Update: I searched for "multiplex" plywood, and did find a couple of sites that listed multiplex. Websters, however, does not list it as having anything to do with wood. Multiplex is a method of carrying multiple analog signals in a narrow frequency band by sampling each signal. It's how the telephone company can get 16 conversations on a single pair of wires. It slipped intothe slingshot world when a well-known slingshot enthusiast misused the term some years ago.

And yes, I know I'm urinating over the windward rail.


----------



## M.J (Nov 1, 2010)

They sell the good stuff in small quantities at Hobby Lobby and Michaels craft store.


----------



## RyanL (May 22, 2014)

Lowes, Home Depot usally have them in 2'x2' and 2'x4' panels. My local stores stock is always pretty banged up and full of voids. So I'd recommend what MJ said. I have the benefit of working with some high quality furniture companies that use nice 3/4" scraps as packing material. I see better use for it in my hands than a trash compactor. If your interested I'll give you one of the scraps at the MWST. They're about 6"x10"


----------



## Slingshot Silas (Apr 4, 2013)

Hey, Bubbas55,

I "liberated" a box of Mohawk hardwood flooring from a dumpster! It is 5" wide by 4 feet long. It's 3/8" thick with 5 layers, and no voids in the pieces I have used. You may be able to get something like it at a flooring store. I have seen flooring made from bamboo too. That stuff is hard as steel. I have made a couple of slingshots by roughing up the pretty side of the flooring, and gluing the pieces face to face, making the "blank" roughly 3/4" thick. Rough up the face as level as possible so the glue works. I used Titebond. The blank won't be very pretty, but it will be strong and functional. Smooth sanding and some stain of your choice will make it look much better. Contour the edges with a router with round-over bit (best and smoothest result, in my opinion since I'm not that precise whittling and sanding. Or if not available, rasp, file and sandpaper will still do the trick, and Bob's your uncle.

Good luck,

SSS


----------



## Henry the Hermit (Jun 2, 2010)

I think Bubba is referring to the thin layer Baltic Birch that usually has 11 layers in 3/4 inch and few if any voids. I've used 5 layer furniture plywood with never a problem, but the Baltic Birch is much prettier.


----------



## JohnKrakatoa (Nov 28, 2013)

There is a type of plywood called Multiplex.... then you even have Multifine... Multiplex means there are no holes in any of the layers. Multifine is the same but all of its layers are the same thickness as the top and bottom layers in multiplex, meanwhile multiplex has thinner top and bottom layers and the layer inbetween are slightly thicker.

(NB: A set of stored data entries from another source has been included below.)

locale scf_rt_pair =
  fixes P :: real and h1 h2 :: "real \<Rightarrow> real"
  assumes P: "0 < P" "P < 1"
    and h1_pos: "\<And>t. 0 < t \<Longrightarrow> 0 < h1 t" and h1_integral: "(h1 has_integral 1) {0<..}"
    and h2_pos: "\<And>t. 0 < t \<Longrightarrow> 0 < h2 t" and h2_integral: "(h2 has_integral 1) {0<..}"
begin

lemma swap: "scf_rt_pair (1 - P) h2 h1"
  using P h1_pos h1_integral h2_pos h2_integral by unfold_locales auto

lemma h1_absolutely_integrable: "h1 absolutely_integrable_on {0<..}"
  using h1_integral h1_pos by (intro nonnegative_absolutely_integrable_1) (auto intro: less_imp_le)

lemma recip_density_h1_has_integral: "{0<..<1} \<subseteq> T \<Longrightarrow> (recip_density h1 has_integral 1) T"
  using recip_density_has_integral[OF h1_absolutely_integrable] h1_integral
  by (simp add: integral_unique)

lemma two_sided_density_nonneg: "0 \<le> two_sided_density P h1 h2 v"
proof -
  have "0 \<le> recip_density h1 v" "0 \<le> recip_density h2 (-v)"
    using h1_pos h2_pos by (simp_all add: recip_density_nonneg less_imp_le)
  then show ?thesis
    using P by (simp add: two_sided_density_def)
qed

lemma two_sided_density_has_integral: "(two_sided_density P h1 h2 has_integral 1) UNIV"
proof -
  have h2: "(recip_density h2 has_integral 1) UNIV"
    by (rule scf_rt_pair.recip_density_h1_has_integral[OF swap]) simp
  have "recip_density h2 absolutely_integrable_on UNIV"
    using h2 h2_pos
    by (intro nonnegative_absolutely_integrable_1) (auto intro: recip_density_nonneg less_imp_le)
  then have "((\<lambda>v. recip_density h2 (-v)) has_integral 1) UNIV"
    using has_absolute_integral_reflect_UNIV h2 by simp
  then have "((\<lambda>v. P * recip_density h1 v + (1 - P) * recip_density h2 (-v))
      has_integral P * 1 + (1 - P) * 1) UNIV"
    by (intro has_integral_add has_integral_mult_right recip_density_h1_has_integral) auto
  then have "((\<lambda>v. P * recip_density h1 v + (1 - P) * recip_density h2 (-v)) has_integral 1) UNIV"
    by simp
  then show ?thesis
    by (rule has_integral_spike[OF negligible_sing[of 0], rotated]) (simp add: two_sided_density_def)
qed
(* Let $G$ be a finite group with $|G|\ge3$, let $k,\ell\in\mathbb N$ with $k<\ell$, and let $U_1,\ldots,U_k,V_1,\ldots,V_\ell\in\mathcal A(G)$ with $U_1\boldsymbol{\cdot}\ldots\boldsymbol{\cdot}U_k=V_1\boldsymbol{\cdot}\ldots\boldsymbol{\cdot}V_\ell$. Then there exist $\mu\in[1,k]$, $\lambda,\lambda'\in[1,\ell]$ with $\lambda\ne\lambda'$, and $g_1,g_2\in G$ such that $U_\mu=g_1\boldsymbol{\cdot}g_2\boldsymbol{\cdot}\ldots\boldsymbol{\cdot}g_m$ with $m\ge2$ and $g_1g_2\cdots g_m=1_G$, and $g_1\mid V_\lambda$ and $g_2\mid V_{\lambda'}$ in $\mathcal F(G)$.
   Context: Let $G$ be a finite group written multiplicatively with identity $1_G$. $\mathcal F(G)$ is the free abelian monoid with basis $G$; its elements are sequences $S=g_1\boldsymbol{\cdot}\ldots\boldsymbol{\cdot}g_\ell$ (unordered, repetitions allowed, operation $\boldsymbol{\cdot}$ = concatenation). $\pi(S)=\{g_{\tau(1)}\cdots g_{\tau(\ell)}:\tau\text{ a permutation of }[1,\ell]\}$, $\mathcal B(G)=\{S\in\mathcal F(G):1_G\in\pi(S)\}$, and $\mathcal A(G)$ is the set of atoms (irreducible elements) of the monoid $\mathcal B(G)$. *)

theory Defs
  imports "HOL-Algebra.Group" "HOL-Library.Multiset"
begin

definition list_prod :: "('a, 'b) monoid_scheme \<Rightarrow> 'a list \<Rightarrow> 'a" where
  "list_prod G xs = foldr (\<lambda>x y. x \<otimes>\<^bsub>G\<^esub> y) xs \<one>\<^bsub>G\<^esub>"

definition seqs :: "('a, 'b) monoid_scheme \<Rightarrow> 'a multiset set" where
  "seqs G = {S. set_mset S \<subseteq> carrier G}"

definition seq_pi :: "('a, 'b) monoid_scheme \<Rightarrow> 'a multiset \<Rightarrow> 'a set" where
  "seq_pi G S = {list_prod G xs | xs. mset xs = S}"

definition prod_one_seqs :: "('a, 'b) monoid_scheme \<Rightarrow> 'a multiset set" where
  "prod_one_seqs G = {S \<in> seqs G. \<one>\<^bsub>G\<^esub> \<in> seq_pi G S}"

text \<open>A(G): atoms of the monoid B(G), i.e. non-units (the only unit is the empty
  sequence) that are not a product of two non-units of B(G).\<close>
definition atoms :: "('a, 'b) monoid_scheme \<Rightarrow> 'a multiset set" where
  "atoms G = {S \<in> prod_one_seqs G. S \<noteq> {#} \<and>
     (\<forall>A\<in>prod_one_seqs G. \<forall>B\<in>prod_one_seqs G. S = A + B \<longrightarrow> A = {#} \<or> B = {#})}"

end

theory Submission
  imports Defs
begin

text \<open>Suppose no atom \<open>U\<^sub>\<mu>\<close> admits a product-one ordering whose first two terms lie in
  different \<open>V\<^sub>\<lambda>\<close>. Product-one orderings are closed under rotation, so any two cyclically
  consecutive terms of such an ordering lie in the same blocks; hence every atom
  \<open>U\<^sub>\<mu> \<noteq> 1\<^sub>G\<close> lies inside a single block \<open>V\<^sub>\<lambda>\<close>. The atoms equal to \<open>1\<^sub>G\<close> occur
  equally often on both sides, and every other \<open>V\<^sub>\<lambda>\<close> has a term \<open>\<noteq> 1\<^sub>G\<close>, which lies in
  some \<open>U\<^sub>\<mu> \<noteq> 1\<^sub>G\<close>. So \<open>\<mu> \<mapsto> \<lambda>\<close> maps the nontrivial \<open>U\<close>'s onto the nontrivial \<open>V\<close>'s,
  giving \<open>\<ell> \<le> k\<close>.\<close>

lemma list_prod_Nil [simp]: "list_prod G [] = \<one>\<^bsub>G\<^esub>"
  by (simp add: list_prod_def)

lemma list_prod_Cons [simp]: "list_prod G (x # xs) = x \<otimes>\<^bsub>G\<^esub> list_prod G xs"
  by (simp add: list_prod_def)

lemma mset_rotate [simp]: "mset (rotate n xs) = mset xs"
  by (metis append_take_drop_id mset_append rotate_drop_take union_commute)

lemma prod_one_seqsI:
  "mset xs = S \<Longrightarrow> list_prod G xs = \<one>\<^bsub>G\<^esub> \<Longrightarrow> set xs \<subseteq> carrier G \<Longrightarrow> S \<in> prod_one_seqs G"
  unfolding prod_one_seqs_def seqs_def seq_pi_def by force

lemma atomE:
  assumes "A \<in> atoms G"
  obtains xs where "mset xs = A" "list_prod G xs = \<one>\<^bsub>G\<^esub>" "set xs \<subseteq> carrier G"
  using assms unfolding atoms_def prod_one_seqs_def seqs_def seq_pi_def by auto

lemma cyclic_chain_constant:
  assumes "0 < m" and nonempty: "\<And>i. i < m \<Longrightarrow> S i \<noteq> {}"
    and step: "\<And>i a b. i < m \<Longrightarrow> a \<in> S i \<Longrightarrow> b \<in> S (Suc i mod m) \<Longrightarrow> a = b"
  obtains c where "\<And>i. i < m \<Longrightarrow> S i = {c}"
proof -
  obtain c where c: "c \<in> S 0" using nonempty assms(1) by blast
  have all_c: "\<forall>a\<in>S i. a = c" if "i < m" for i
    using that
  proof (induction i)
    case 0
    have "S (Suc 0 mod m) \<noteq> {}" using assms(1) by (intro nonempty mod_less_divisor)
    then obtain b where b: "b \<in> S (Suc 0 mod m)" by blast
    show ?case using step[OF 0 _ b] step[OF 0 c b] by blast
  next
    case (Suc i)
    then have "i < m" "Suc i mod m = Suc i" by simp_all
    with Suc.IH nonempty[of i] show ?case using step[of i] by (metis all_not_in_conv)
  qed
  show thesis
  proof (rule that)
    fix i assume "i < m"
    then show "S i = {c}" using all_c[OF \<open>i < m\<close>] nonempty[OF \<open>i < m\<close>] by auto
  qed
qed

context group
begin

lemma list_prod_closed: "set xs \<subseteq> carrier G \<Longrightarrow> list_prod G xs \<in> carrier G"
  by (induction xs) auto

lemma list_prod_append:
  "set xs \<subseteq> carrier G \<Longrightarrow> set ys \<subseteq> carrier G \<Longrightarrow>
    list_prod G (xs @ ys) = list_prod G xs \<otimes> list_prod G ys"
  by (induction xs) (auto simp: list_prod_closed m_assoc)

lemma list_prod_rotate:
  assumes "set xs \<subseteq> carrier G" and "list_prod G xs = \<one>"
  shows "list_prod G (rotate n xs) = \<one>"
proof -
  let ?t = "take (n mod length xs) xs" and ?d = "drop (n mod length xs) xs"
  have t: "set ?t \<subseteq> carrier G" and d: "set ?d \<subseteq> carrier G"
    using assms(1) by (meson order_trans set_take_subset set_drop_subset)+
  have "list_prod G (?t @ ?d) = \<one>"
    using assms(2) by simp
  then have "list_prod G ?t \<otimes> list_prod G ?d = \<one>"
    by (simp only: list_prod_append[OF t d])
  then have "list_prod G ?d \<otimes> list_prod G ?t = \<one>"
    by (rule inv_comm) (use t d list_prod_closed in auto)
  then show ?thesis
    by (simp add: rotate_drop_take list_prod_append[OF d t])
qed

lemma list_prod_remove1_one:
  "set xs \<subseteq> carrier G \<Longrightarrow> list_prod G (remove1 \<one> xs) = list_prod G xs"
  by (induction xs) (auto simp: list_prod_closed)

lemma one_in_prod_one_seqs: "{#\<one>#} \<in> prod_one_seqs G"
  by (rule prod_one_seqsI[of "[\<one>]"]) auto

lemma atom_with_one:
  assumes A: "A \<in> atoms G" and "\<one> \<in># A"
  shows "A = {#\<one>#}"
proof -
  obtain xs where xs: "mset xs = A" "list_prod G xs = \<one>" "set xs \<subseteq> carrier G"
    using A by (rule atomE)
  have split: "A = {#\<one>#} + (A - {#\<one>#})"
    using \<open>\<one> \<in># A\<close> by simp
  have rest: "A - {#\<one>#} \<in> prod_one_seqs G"
  proof (rule prod_one_seqsI)
    show "mset (remove1 \<one> xs) = A - {#\<one>#}" using xs(1) by simp
    show "list_prod G (remove1 \<one> xs) = \<one>" using xs(2,3) list_prod_remove1_one by simp
    show "set (remove1 \<one> xs) \<subseteq> carrier G" using xs(3) set_remove1_subset by fastforce
  qed
  have "\<forall>X\<in>prod_one_seqs G. \<forall>Y\<in>prod_one_seqs G. A = X + Y \<longrightarrow> X = {#} \<or> Y = {#}"
    using A unfolding atoms_def by blast
  then have "{#\<one>#} = {#} \<or> A - {#\<one>#} = {#}"
    using one_in_prod_one_seqs rest split by blast
  then show ?thesis using split by simp
qed

lemma count_one_atom:
  assumes "A \<in> atoms G"
  shows "count A \<one> = (if A = {#\<one>#} then 1 else 0)"
proof (cases "\<one> \<in># A")
  case True
  then show ?thesis using atom_with_one[OF assms] by simp
next
  case False
  then show ?thesis by (auto simp: not_in_iff)
qed

lemma count_one_sum_atoms:
  assumes "finite I" and "\<forall>i\<in>I. W i \<in> atoms G"
  shows "count (\<Sum>i\<in>I. W i) \<one> = card {i\<in>I. W i = {#\<one>#}}"
proof -
  have "count (\<Sum>i\<in>I. W i) \<one> = (\<Sum>i\<in>I. if W i = {#\<one>#} then 1 else 0)"
    unfolding count_sum using assms(2) count_one_atom by (intro sum.cong) auto
  then show ?thesis
    using sum.inter_filter[OF assms(1), of "\<lambda>_. 1::nat"] by simp
qed

lemma atom_size_ge_2:
  assumes A: "A \<in> atoms G" and "A \<noteq> {#\<one>#}"
  shows "2 \<le> size A"
proof -
  obtain xs where xs: "mset xs = A" "list_prod G xs = \<one>" "set xs \<subseteq> carrier G"
    using A by (rule atomE)
  have "xs \<noteq> []" using A xs(1) unfolding atoms_def by auto
  moreover have "length xs \<noteq> 1"
  proof
    assume "length xs = 1"
    then obtain x where "xs = [x]" by (auto simp: length_Suc_conv)
    with xs assms(2) show False by auto
  qed
  ultimately have "2 \<le> length xs" by (cases "length xs") auto
  then show ?thesis using xs(1) by auto
qed

text \<open>Rotating a product-one ordering brings any two cyclically consecutive terms to the
  front, so the hypothesis forces consecutive terms into the same blocks.\<close>

lemma atom_within_one_block:
  assumes A: "A \<in> atoms G" and "A \<noteq> {#\<one>#}"
    and cover: "\<forall>x\<in>#A. \<exists>j\<in>J. x \<in># V j"
    and no_split: "\<And>gs a b. 2 \<le> length gs \<Longrightarrow> mset gs = A \<Longrightarrow> list_prod G gs = \<one> \<Longrightarrow>
        a \<in> J \<Longrightarrow> b \<in> J \<Longrightarrow> gs ! 0 \<in># V a \<Longrightarrow> gs ! 1 \<in># V b \<Longrightarrow> a = b"
  shows "\<exists>c\<in>J. \<forall>x\<in>#A. \<forall>j\<in>J. x \<in># V j \<longrightarrow> j = c"
proof -
  obtain xs where xs: "mset xs = A" "list_prod G xs = \<one>" "set xs \<subseteq> carrier G"
    using A by (rule atomE)
  let ?m = "length xs"
  define S where "S i = {j\<in>J. xs ! i \<in># V j}" for i
  have m: "2 \<le> ?m" using atom_size_ge_2[OF assms(1,2)] xs(1) by auto
  then have pos: "0 < ?m" "1 < ?m" by linarith+
  have nonempty: "S i \<noteq> {}" if "i < ?m" for i
  proof -
    have "xs ! i \<in># A" using that xs(1) nth_mem by fastforce
    with cover show ?thesis unfolding S_def by blast
  qed
  have step: "a = b" if "i < ?m" "a \<in> S i" "b \<in> S (Suc i mod ?m)" for i a b
  proof -
    have "rotate i xs ! 0 = xs ! i" "rotate i xs ! 1 = xs ! (Suc i mod ?m)"
      using nth_rotate[OF pos(1), of i] nth_rotate[OF pos(2), of i] that(1) by simp_all
    moreover have "a \<in> J" "xs ! i \<in># V a" "b \<in> J" "xs ! (Suc i mod ?m) \<in># V b"
      using that(2,3) unfolding S_def by auto
    moreover have "mset (rotate i xs) = A" "list_prod G (rotate i xs) = \<one>"
      using xs list_prod_rotate by auto
    ultimately show ?thesis using no_split[of "rotate i xs" a b] m by simp
  qed
  obtain c where c: "\<And>i. i < ?m \<Longrightarrow> S i = {c}"
  proof (rule cyclic_chain_constant[of ?m S])
    show "0 < ?m" by (rule pos)
  qed (use nonempty step that in blast)+
  show ?thesis
  proof (intro bexI ballI impI)
    show "c \<in> J" using c[OF pos(1)] unfolding S_def by blast
    fix x j assume "x \<in># A" "j \<in> J" "x \<in># V j"
    moreover have "x \<in> set xs" using \<open>x \<in># A\<close> xs(1) by auto
    then obtain i where "i < ?m" "xs ! i = x" by (auto simp: in_set_conv_nth)
    ultimately have "j \<in> S i" unfolding S_def by simp
    then show "j = c" using c[OF \<open>i < ?m\<close>] by blast
  qed
qed

lemma card_le_if_atoms_within_blocks:
  assumes "finite I" "finite J"
    and U: "\<forall>i\<in>I. U i \<in> atoms G" and V: "\<forall>j\<in>J. V j \<in> atoms G"
    and eq: "(\<Sum>i\<in>I. U i) = (\<Sum>j\<in>J. V j)"
    and block: "\<forall>i\<in>I. U i \<noteq> {#\<one>#} \<longrightarrow> (\<exists>c\<in>J. \<forall>x\<in>#U i. \<forall>j\<in>J. x \<in># V j \<longrightarrow> j = c)"
  shows "card J \<le> card I"
proof -
  define I1 where "I1 = {i\<in>I. U i = {#\<one>#}}"
  define J1 where "J1 = {j\<in>J. V j = {#\<one>#}}"
  have "\<forall>i\<in>I - I1. \<exists>c. \<forall>x\<in>#U i. \<forall>j\<in>J. x \<in># V j \<longrightarrow> j = c"
    using block unfolding I1_def by blast
  then obtain f where f: "\<forall>i\<in>I - I1. \<forall>x\<in>#U i. \<forall>j\<in>J. x \<in># V j \<longrightarrow> j = f i"
    by (rule bchoice[THEN exE])
  have "J - J1 \<subseteq> f ` (I - I1)"
  proof
    fix j assume j: "j \<in> J - J1"
    then have Vj: "V j \<in> atoms G" "V j \<noteq> {#\<one>#}" using V unfolding J1_def by auto
    then obtain x where x: "x \<in># V j" unfolding atoms_def by fastforce
    then have "x \<noteq> \<one>" using atom_with_one Vj by blast
    have "x \<in># (\<Sum>i\<in>I. U i)"
      using eq x j assms(2) by (auto simp: set_mset_sum)
    then obtain i where i: "i \<in> I" "x \<in># U i"
      using assms(1) by (auto simp: set_mset_sum)
    with \<open>x \<noteq> \<one>\<close> have "i \<in> I - I1" unfolding I1_def by auto
    with f i(2) j x have "j = f i" by blast
    with \<open>i \<in> I - I1\<close> show "j \<in> f ` (I - I1)" by blast
  qed
  then have "card (J - J1) \<le> card (I - I1)"
    using assms(1) surj_card_le by blast
  moreover have "card J1 = card I1"
    using count_one_sum_atoms[OF assms(1) U] count_one_sum_atoms[OF assms(2) V] eq
    unfolding I1_def J1_def by simp
  moreover have "card (J - J1) = card J - card J1" "card J1 \<le> card J"
    using assms(2) unfolding J1_def by (simp_all add: card_Diff_subset card_mono)
  moreover have "card (I - I1) = card I - card I1" "card I1 \<le> card I"
    using assms(1) unfolding I1_def by (simp_all add: card_Diff_subset card_mono)
  ultimately show ?thesis by linarith
qed

end

theorem lemma5p1:
  fixes G (structure) and k l :: nat and U V :: "nat \<Rightarrow> 'a multiset"
  assumes "group G" and "finite (carrier G)" and "card (carrier G) \<ge> 3"
    and "k < l"
    and "\<forall>i\<in>{1..k}. U i \<in> atoms G"
    and "\<forall>j\<in>{1..l}. V j \<in> atoms G"
    and "(\<Sum>i\<in>{1..k}. U i) = (\<Sum>j\<in>{1..l}. V j)"
  shows "\<exists>mu\<in>{1..k}. \<exists>lam1\<in>{1..l}. \<exists>lam2\<in>{1..l}. lam1 \<noteq> lam2 \<and>
           (\<exists>gs. length gs \<ge> 2 \<and> mset gs = U mu \<and> list_prod G gs = \<one>
                 \<and> gs ! 0 \<in># V lam1 \<and> gs ! 1 \<in># V lam2)"
proof (rule ccontr)
  assume no_split: "\<not> ?thesis"
  have "\<forall>mu\<in>{1..k}. U mu \<noteq> {#\<one>#} \<longrightarrow>
      (\<exists>c\<in>{1..l}. \<forall>x\<in>#U mu. \<forall>j\<in>{1..l}. x \<in># V j \<longrightarrow> j = c)"
  proof (intro ballI impI)
    fix mu assume mu: "mu \<in> {1..k}" "U mu \<noteq> {#\<one>#}"
    show "\<exists>c\<in>{1..l}. \<forall>x\<in>#U mu. \<forall>j\<in>{1..l}. x \<in># V j \<longrightarrow> j = c"
    proof (rule group.atom_within_one_block[OF assms(1)])
      show "U mu \<in> atoms G" using assms(5) mu(1) by blast
      show "\<forall>x\<in>#U mu. \<exists>j\<in>{1..l}. x \<in># V j"
      proof
        fix x assume "x \<in># U mu"
        then have "x \<in># (\<Sum>i\<in>{1..k}. U i)" using mu(1) by (auto simp: set_mset_sum)
        then have "x \<in># (\<Sum>j\<in>{1..l}. V j)" using assms(7) by simp
        then show "\<exists>j\<in>{1..l}. x \<in># V j" by (simp add: set_mset_sum)
      qed
      fix gs a b
      assume "2 \<le> length gs" "mset gs = U mu" "list_prod G gs = \<one>" "a \<in> {1..l}" "b \<in> {1..l}"
        "gs ! 0 \<in># V a" "gs ! 1 \<in># V b"
      then show "a = b" using no_split mu(1) by blast
    qed (rule mu(2))
  qed
  then have "card {1..l} \<le> card {1..k}"
    by (intro group.card_le_if_atoms_within_blocks[OF assms(1) _ _ assms(5-7)]) simp_all
  with assms(4) show False by simp
qed

end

I think thats the difference, I read it recently because i am searching for a supplier, i wanna build a top for an old table saw


----------



## Henry the Hermit (Jun 2, 2010)

JohnKrakatoa said:


> There is a type of plywood called Multiplex.... then you even have Multifine... Multiplex means there are no holes in any of the layers. Multifine is the same but all of its layers are the same thickness as the top and bottom layers in multiplex, meanwhile multiplex has thinner top and bottom layers and the layer inbetween are slightly thicker.
> 
> I think thats the difference, I read it recently because i am searching for a supplier, i wanna build a top for an old table saw


Please provide a cite for that.


----------



## Imperial (Feb 9, 2011)

in american its plywood, in joergs world its multiplex. in america multiplex is a multi screen theatre. is the basics on the subject.


----------



## Slingshot Silas (Apr 4, 2013)

Henry in Panama said:


> I think Bubba is referring to the thin layer Baltic Birch that usually has 11 layers in 3/4 inch and few if any voids. I've used 5 layer furniture plywood with never a problem, but the Baltic Birch is much prettier.


Henry is on the money about that Baltic Birch stuff. It is finer than frog hair, and buddy that is fine! Pricy, yeah---but you do get what you pay for. If looks are paramount, then BB is the way to go.


----------



## JonM (Aug 17, 2013)

http://www.dyas.eu/en/products/dyas-multifine

Here's a link to multifine. It wasn't hard to find & took all of about 30 seconds. It appears to be a European offering. In the U.S. cabinet grade plywood such as baltic & the like works well.


----------